One possibility is price gets all the way down to the 2009 low and sets up a massive double bottom with the trend. That could be expected to lead to new all time highs in the following years. While I don’t favour this scenario, it is certainly a real possibility and worth bearing in mind.
So the analysis is done. Now it’s up to Santa to come and deliver the present in the form of a Christmas rally.
The Australian dollar (AUDUSD) has been all over the place this year and I expect this corrective style trading to continue with a nice rally into the end of the year. Let’s investigate using the weekly and daily charts.
AUDUSD WEEKLY CHART
Once again, most of this was covered in the November newsletter but there is some new information.
I’ve been following the AUDUSD and waiting for price to trade up above 96c for the next opportune moment to short it. I’ve been waiting a long time. It’s lucky it’s not the only instrument I follow.
Price nearly got there back in July but shortly thereafter price plunged lower and subsequently took out the January 2014 low denoted by the horizontal line. It wasn’t by much though and I suspect we have a false break low in place.
This low has been accompanied by bullish divergences in the Relative Strength Indicator (RSI), Stochastic and Moving Average Convergence Divergence (MACD) indicators. So a rally now will certainly be no surprise.
The Bollinger Bands show price moving away from the lower band and so perhaps we could expect a rally to the upper band and then some.
I have added Fibonacci retracement levels of the move down from October 2013 high to recent low. I am looking for a rally back up to the 88.6% level which stands at 96.17c.
This level is in the green highlighted rectangle I have drawn. Ever since the October 2013 high, price has been all over the place and looks messy. This is normal for a big corrective phase which I think is occurring.
To finish off this corrective phase, I would like to see price trade back up into this area denoted by the green highlighted rectangle and do some backing and filling. Once that is done, price can resume normal transmission and crack to new lows in impulsive style.
AUDUSD DAILY CHART
I have added simple Elliott Wave annotations which suggest a five wave move down is complete. So a move up is now expected.
This wave 5 low was also accompanied by bullish divergences in the RSI and Stochastic indicator.
The Bollinger Bands show price moving away from the lower band and finding resistance just above the middle band.
This resistance stemmed from the black trend line I have drawn along the bottoms from the wave 3 low.
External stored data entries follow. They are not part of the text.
(* Let $\mathbb{F}$ be an infinite field with $\operatorname{char}(\mathbb{F})\neq 2$, let $G$ be a group with a group involution $\ast$ and a non-trivial orientation $\sigma$ such that $gg^\ast\in N=\ker\sigma$ for all $g\in G$, and let $\circledast$ be the associated oriented involution of $\mathbb{F}G$. If $\mathbb{F}G$ is normal with respect to $\circledast$, then $N^+\subseteq\zeta(G)$.
   Context: A group involution on $G$ is a map $\ast:G\to G$ with $(gh)^\ast=h^\ast g^\ast$ and $(g^\ast)^\ast=g$. An orientation is a group homomorphism $\sigma:G\to\{\pm1\}$. The oriented involution is $(\sum_g\alpha_g g)^\circledast=\sum_g\alpha_g\sigma(g)g^\ast$ on $\mathbb{F}G$. $\mathbb{F}G$ is normal if $\alpha\alpha^\circledast=\alpha^\circledast\alpha$ for all $\alpha\in\mathbb{F}G$. $N^+$ denotes the set of elements $g\in G$ with $g^\circledast=g$, i.e. $N^+=\{n\in N: n^\ast=n\}$. $\zeta(G)$ is the center of $G$. *)

theory Defs
  imports "HOL-Algebra.Group"
begin

definition group_ring :: "('g, 'b) monoid_scheme \<Rightarrow> ('g \<Rightarrow> 'f::field) set" where
  "group_ring G = {a. (\<forall>x. x \<notin> carrier G \<longrightarrow> a x = 0) \<and> finite {x. a x \<noteq> 0}}"

definition gr_mult :: "('g, 'b) monoid_scheme \<Rightarrow> ('g \<Rightarrow> 'f::field) \<Rightarrow> ('g \<Rightarrow> 'f) \<Rightarrow> ('g \<Rightarrow> 'f)" where
  "gr_mult G a b = (\<lambda>x. if x \<in> carrier G
      then (\<Sum>g\<in>{g \<in> carrier G. a g \<noteq> 0}. a g * b (inv\<^bsub>G\<^esub> g \<otimes>\<^bsub>G\<^esub> x)) else 0)"

definition group_involution :: "('g, 'b) monoid_scheme \<Rightarrow> ('g \<Rightarrow> 'g) \<Rightarrow> bool" where
  "group_involution G s \<longleftrightarrow> (\<forall>g\<in>carrier G. s g \<in> carrier G) \<and>
     (\<forall>g\<in>carrier G. \<forall>h\<in>carrier G. s (g \<otimes>\<^bsub>G\<^esub> h) = s h \<otimes>\<^bsub>G\<^esub> s g) \<and>
     (\<forall>g\<in>carrier G. s (s g) = g)"

definition orientation :: "('g, 'b) monoid_scheme \<Rightarrow> ('g \<Rightarrow> int) \<Rightarrow> bool" where
  "orientation G \<sigma> \<longleftrightarrow> (\<forall>g\<in>carrier G. \<sigma> g = 1 \<or> \<sigma> g = -1) \<and>
     (\<forall>g\<in>carrier G. \<forall>h\<in>carrier G. \<sigma> (g \<otimes>\<^bsub>G\<^esub> h) = \<sigma> g * \<sigma> h)"

text \<open>Oriented involution: (\<Sum> a_g g)^\<circledast> = \<Sum> a_g \<sigma>(g) g^*; the coefficient at x is \<sigma>(x^*) a(x^*).\<close>
definition oriented_inv :: "('g, 'b) monoid_scheme \<Rightarrow> ('g \<Rightarrow> 'g) \<Rightarrow> ('g \<Rightarrow> int) \<Rightarrow> ('g \<Rightarrow> 'f::field) \<Rightarrow> ('g \<Rightarrow> 'f)" where
  "oriented_inv G s \<sigma> a = (\<lambda>x. if x \<in> carrier G then of_int (\<sigma> (s x)) * a (s x) else 0)"

definition group_center :: "('g, 'b) monoid_scheme \<Rightarrow> 'g set" where
  "group_center G = {z \<in> carrier G. \<forall>g\<in>carrier G. z \<otimes>\<^bsub>G\<^esub> g = g \<otimes>\<^bsub>G\<^esub> z}"

end

theory Submission
  imports Defs
begin

text \<open>Fix n \<in> N with n* = n. Expanding normality for n, y and n + y leaves the identity
  \<sigma>(y) n y* + y n = n y + \<sigma>(y) y* n in FG. Comparing coefficients (using char F \<noteq> 2) shows
  that n commutes with every y outside N with y* = y and with every y \<in> N with y* \<noteq> y, and
  that y n = n y* whenever y \<notin> N does not commute with n. Any remaining g is reduced to these
  cases by passing to g n, since (g n)* = n g*.\<close>

definition gr_basis :: "'g \<Rightarrow> 'g \<Rightarrow> 'f::field" where
  "gr_basis u = (\<lambda>z. if z = u then 1 else 0)"

lemma group_ring_finite_support:
  "a \<in> group_ring G \<Longrightarrow> finite {g \<in> carrier G. a g \<noteq> 0}"
  unfolding group_ring_def by (auto intro: finite_subset)

lemma gr_basis_in_group_ring: "u \<in> carrier G \<Longrightarrow> (gr_basis u :: 'g \<Rightarrow> 'f::field) \<in> group_ring G"
  unfolding group_ring_def gr_basis_def by auto

lemma group_ring_add_closed:
  assumes "a \<in> group_ring G" "b \<in> group_ring G"
  shows "(\<lambda>z. a z + b z) \<in> group_ring G"
proof -
  have "{x. a x + b x \<noteq> 0} \<subseteq> {x. a x \<noteq> 0} \<union> {x. b x \<noteq> 0}" by auto
  with assms show ?thesis
    unfolding group_ring_def by (auto intro: finite_subset)
qed

lemma oriented_inv_in_group_ring:
  assumes "group_involution G s" "a \<in> group_ring G"
  shows "oriented_inv G s \<sigma> a \<in> group_ring G"
proof -
  have "{x. oriented_inv G s \<sigma> a x \<noteq> 0} \<subseteq> s ` {x. a x \<noteq> 0}"
  proof
    fix x assume "x \<in> {x. oriented_inv G s \<sigma> a x \<noteq> 0}"
    then have x: "x \<in> carrier G" and "a (s x) \<noteq> 0"
      unfolding oriented_inv_def by (auto split: if_splits)
    moreover have "x = s (s x)" using x assms(1) unfolding group_involution_def by simp
    ultimately show "x \<in> s ` {x. a x \<noteq> 0}" by blast
  qed
  moreover have "finite (s ` {x. a x \<noteq> 0})" using assms(2) unfolding group_ring_def by simp
  ultimately have "finite {x. oriented_inv G s \<sigma> a x \<noteq> 0}" by (rule finite_subset)
  then show ?thesis unfolding group_ring_def by (simp add: oriented_inv_def)
qed

lemma oriented_inv_add:
  "oriented_inv G s \<sigma> (\<lambda>z. a z + b z) = (\<lambda>z. oriented_inv G s \<sigma> a z + oriented_inv G s \<sigma> b z)"
  unfolding oriented_inv_def by (auto simp: algebra_simps)

lemma oriented_inv_gr_basis:
  assumes "group_involution G s" "u \<in> carrier G" "z \<in> carrier G"
  shows "oriented_inv G s \<sigma> (gr_basis u :: 'g \<Rightarrow> 'f::field) z = (if z = s u then of_int (\<sigma> u) else 0)"
proof -
  have "s (s z) = z" "s (s u) = u" using assms unfolding group_involution_def by simp_all
  then have "(s z = u) = (z = s u)" by metis
  then show ?thesis using assms(3) unfolding oriented_inv_def gr_basis_def by auto
qed

lemma gr_mult_eq_sum_superset:
  assumes "finite S" "S \<subseteq> carrier G" "{g \<in> carrier G. a g \<noteq> 0} \<subseteq> S" "x \<in> carrier G"
  shows "gr_mult G a b x = (\<Sum>g\<in>S. a g * b (inv\<^bsub>G\<^esub> g \<otimes>\<^bsub>G\<^esub> x))"
  unfolding gr_mult_def using assms by (auto intro!: sum.mono_neutral_left)

lemma gr_mult_add_left:
  assumes "a \<in> group_ring G" "b \<in> group_ring G"
  shows "gr_mult G (\<lambda>z. a z + b z) c = (\<lambda>z. gr_mult G a c z + gr_mult G b c z)"
proof
  fix x
  let ?S = "{g \<in> carrier G. a g \<noteq> 0} \<union> {g \<in> carrier G. b g \<noteq> 0}"
  have S: "finite ?S" using group_ring_finite_support assms by blast
  show "gr_mult G (\<lambda>z. a z + b z) c x = gr_mult G a c x + gr_mult G b c x"
  proof (cases "x \<in> carrier G")
    case True
    have "gr_mult G (\<lambda>z. a z + b z) c x = (\<Sum>g\<in>?S. (a g + b g) * c (inv\<^bsub>G\<^esub> g \<otimes>\<^bsub>G\<^esub> x))"
      by (rule gr_mult_eq_sum_superset[OF S _ _ True]) auto
    also have "\<dots> = (\<Sum>g\<in>?S. a g * c (inv\<^bsub>G\<^esub> g \<otimes>\<^bsub>G\<^esub> x)) + (\<Sum>g\<in>?S. b g * c (inv\<^bsub>G\<^esub> g \<otimes>\<^bsub>G\<^esub> x))"
      by (simp add: distrib_right sum.distrib)
    also have "\<dots> = gr_mult G a c x + gr_mult G b c x"
      using gr_mult_eq_sum_superset[OF S _ _ True, of a c] gr_mult_eq_sum_superset[OF S _ _ True, of b c]
      by auto
    finally show ?thesis .
  qed (simp add: gr_mult_def)
qed

lemma gr_mult_add_right:
  "gr_mult G a (\<lambda>z. b z + c z) = (\<lambda>z. gr_mult G a b z + gr_mult G a c z)"
  unfolding gr_mult_def by (auto simp: distrib_left sum.distrib)

lemma gr_mult_gr_basis_left:
  assumes "u \<in> carrier G" "x \<in> carrier G"
  shows "gr_mult G (gr_basis u) b x = b (inv\<^bsub>G\<^esub> u \<otimes>\<^bsub>G\<^esub> x)"
  using gr_mult_eq_sum_superset[of "{u}" G "gr_basis u" x b] assms by (auto simp: gr_basis_def)

lemma gr_mult_gr_basis_right:
  fixes G (structure)
  assumes "group G" "a \<in> group_ring G" "v \<in> carrier G" "x \<in> carrier G"
  shows "gr_mult G a (gr_basis v) x = a (x \<otimes> inv v)"
proof -
  interpret group G by fact
  let ?w = "x \<otimes> inv v"
  let ?S = "insert ?w {g \<in> carrier G. a g \<noteq> 0}"
  have S: "finite ?S" using group_ring_finite_support assms by blast
  have w: "?w \<in> carrier G" using assms by simp
  have "gr_mult G a (gr_basis v) x = (\<Sum>g\<in>?S. a g * gr_basis v (inv g \<otimes> x))"
    by (rule gr_mult_eq_sum_superset[OF S _ _ assms(4)]) (use w in auto)
  also have "\<dots> = (\<Sum>g\<in>?S. if g = ?w then a g else 0)"
  proof (rule sum.cong)
    fix g assume "g \<in> ?S"
    then have "g \<in> carrier G" using w by auto
    then have "(inv g \<otimes> x = v) = (g = ?w)"
      using assms by (metis inv_solve_left inv_solve_right)
    then show "a g * gr_basis v (inv g \<otimes> x) = (if g = ?w then a g else 0)"
      by (simp add: gr_basis_def)
  qed simp
  also have "\<dots> = a ?w" using S by simp
  finally show ?thesis .
qed
(* Let $(S,\cdot)$ be a discrete semigroup and let $\mathcal{F}$ be a filter on $S$ such that $\overline{\mathcal{F}}=\bigcap_{F\in\mathcal{F}}\overline{F}\subseteq\beta S$ is a (closed) subsemigroup of $\beta S$. Let $B\subseteq S$. Then $B$ is $\mathcal{F}$-central if and only if there exist a dynamical system $(X,\langle T_s\rangle_{s\in S})$, points $x,y\in X$ and a neighbourhood $U$ of $y$ such that $x$ and $y$ are $\mathcal{F}$-proximal, $y$ is $\mathcal{F}$-uniformly recurrent, and $B=\{s\in S: T_s(x)\in U\}$.
   Context: $\beta S$ is the Stone–Čech compactification of the discrete semigroup $S$ (the space of ultrafilters on $S$), with the operation extended so that $(\beta S,\cdot)$ is a compact right topological semigroup; $A\in p\cdot q$ iff $\{x\in S: x^{-1}A\in q\}\in p$, where $x^{-1}A=\{y\in S: xy\in A\}$. For a filter $\mathcal{F}$ on $S$, $\overline{\mathcal{F}}=\bigcap_{F\in\mathcal{F}}\overline{F}$ is the set of ultrafilters containing $\mathcal{F}$. For a compact Hausdorff right topological semigroup $T$, $K(T)$ denotes its smallest two-sided ideal. A set $C\subseteq S$ is $\mathcal{F}$-central if there is an idempotent $p\in K(\overline{\mathcal{F}})$ with $C\in p$. A dynamical system $(X,\langle T_s\rangle_{s\in S})$ consists of a compact (Hausdorff) space $X$ and continuous maps $T_s:X\to X$ with $T_s\circ T_t=T_{st}$ for all $s,t\in S$. A set $A\subseteq S$ is $\mathcal{F}$-syndetic if for every $F\in\mathcal{F}$ there is a finite $G\subseteq F$ with $G^{-1}A=\bigcup_{t\in G}t^{-1}A\in\mathcal{F}$. A point $x\in X$ is $\mathcal{F}$-uniformly recurrent if for every neighbourhood $U$ of $x$, $\{s\in S: T_s(x)\in U\}$ is $\mathcal{F}$-syndetic. Points $x,y\in X$ are $\mathcal{F}$-proximal if for every neighbourhood $U$ of the diagonal in $X\times X$ and every $F\in\mathcal{F}$ there is $s\in F$ with $(T_s(x),T_s(y))\in U$. *)

theory Defs
  imports "HOL-Analysis.Analysis"
begin

text \<open>The discrete semigroup S is the whole type 's (class semigroup_mult).
  Ultrafilters (points of beta S) are represented as sets of subsets of S.\<close>

definition is_ultrafilter :: "'s set set \<Rightarrow> bool" where
  "is_ultrafilter p \<longleftrightarrow> UNIV \<in> p \<and> {} \<notin> p
     \<and> (\<forall>A B. A \<in> p \<and> B \<in> p \<longrightarrow> A \<inter> B \<in> p)
     \<and> (\<forall>A B. A \<in> p \<and> A \<subseteq> B \<longrightarrow> B \<in> p)
     \<and> (\<forall>A. A \<in> p \<or> - A \<in> p)"

definition betaS :: "'s set set set" where
  "betaS = {p. is_ultrafilter p}"

definition is_filter_on :: "'s set set \<Rightarrow> bool" where
  "is_filter_on F \<longleftrightarrow> UNIV \<in> F \<and> {} \<notin> F
     \<and> (\<forall>A B. A \<in> F \<and> B \<in> F \<longrightarrow> A \<inter> B \<in> F)
     \<and> (\<forall>A B. A \<in> F \<and> A \<subseteq> B \<longrightarrow> B \<in> F)"

text \<open>Closure of F in beta S: the ultrafilters containing F.\<close>
definition Fbar :: "'s set set \<Rightarrow> 's set set set" where
  "Fbar F = {p \<in> betaS. F \<subseteq> p}"

definition umult :: "'s::semigroup_mult set set \<Rightarrow> 's set set \<Rightarrow> 's set set" where
  "umult p q = {A. {x. {y. x * y \<in> A} \<in> q} \<in> p}"

definition subsemigroup_beta :: "'s::semigroup_mult set set set \<Rightarrow> bool" where
  "subsemigroup_beta T \<longleftrightarrow> T \<subseteq> betaS \<and> (\<forall>p\<in>T. \<forall>q\<in>T. umult p q \<in> T)"

definition ideal_beta :: "'s::semigroup_mult set set set \<Rightarrow> 's set set set \<Rightarrow> bool" where
  "ideal_beta T I \<longleftrightarrow> I \<noteq> {} \<and> I \<subseteq> T
     \<and> (\<forall>p\<in>T. \<forall>q\<in>I. umult p q \<in> I \<and> umult q p \<in> I)"

definition K_beta :: "'s::semigroup_mult set set set \<Rightarrow> 's set set set" where
  "K_beta T = \<Inter> {I. ideal_beta T I}"

definition F_central :: "'s::semigroup_mult set set \<Rightarrow> 's set \<Rightarrow> bool" where
  "F_central F C \<longleftrightarrow> (\<exists>p \<in> K_beta (Fbar F). umult p p = p \<and> C \<in> p)"

definition dyn_system :: "'x topology \<Rightarrow> ('s::semigroup_mult \<Rightarrow> 'x \<Rightarrow> 'x) \<Rightarrow> bool" where
  "dyn_system X T \<longleftrightarrow> compact_space X \<and> Hausdorff_space X
     \<and> (\<forall>s. continuous_map X X (T s))
     \<and> (\<forall>s t. \<forall>x \<in> topspace X. T s (T t x) = T (s * t) x)"

definition nbhd :: "'x topology \<Rightarrow> 'x set \<Rightarrow> 'x set \<Rightarrow> bool" where
  "nbhd X U A \<longleftrightarrow> U \<subseteq> topspace X \<and> (\<exists>V. openin X V \<and> A \<subseteq> V \<and> V \<subseteq> U)"

definition F_syndetic :: "'s::semigroup_mult set set \<Rightarrow> 's set \<Rightarrow> bool" where
  "F_syndetic F A \<longleftrightarrow> (\<forall>G \<in> F. \<exists>H. finite H \<and> H \<subseteq> G \<and> (\<Union>t\<in>H. {y. t * y \<in> A}) \<in> F)"

definition F_unif_rec :: "'s::semigroup_mult set set \<Rightarrow> 'x topology \<Rightarrow> ('s \<Rightarrow> 'x \<Rightarrow> 'x) \<Rightarrow> 'x \<Rightarrow> bool" where
  "F_unif_rec F X T x \<longleftrightarrow> (\<forall>U. nbhd X U {x} \<longrightarrow> F_syndetic F {s. T s x \<in> U})"

definition F_proximal :: "'s::semigroup_mult set set \<Rightarrow> 'x topology \<Rightarrow> ('s \<Rightarrow> 'x \<Rightarrow> 'x) \<Rightarrow> 'x \<Rightarrow> 'x \<Rightarrow> bool" where
  "F_proximal F X T x y \<longleftrightarrow>
     (\<forall>W. nbhd (prod_topology X X) W {(z, z) | z. z \<in> topspace X} \<longrightarrow>
        (\<forall>G \<in> F. \<exists>s \<in> G. (T s x, T s y) \<in> W))"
In this type of setup it is normal for price to find resistance at this trend line the first time it hits it.
So price has come back down and looks to have just tested and been held by the recent low. If my analysis is correct, price should now head back up and bust above the trend line which will confirm the rally is on. A move to new lows now will likely nullify this analysis.
And if the rally plays out as expected, I might finally get that shorting opportunity I’ve been waiting for all year!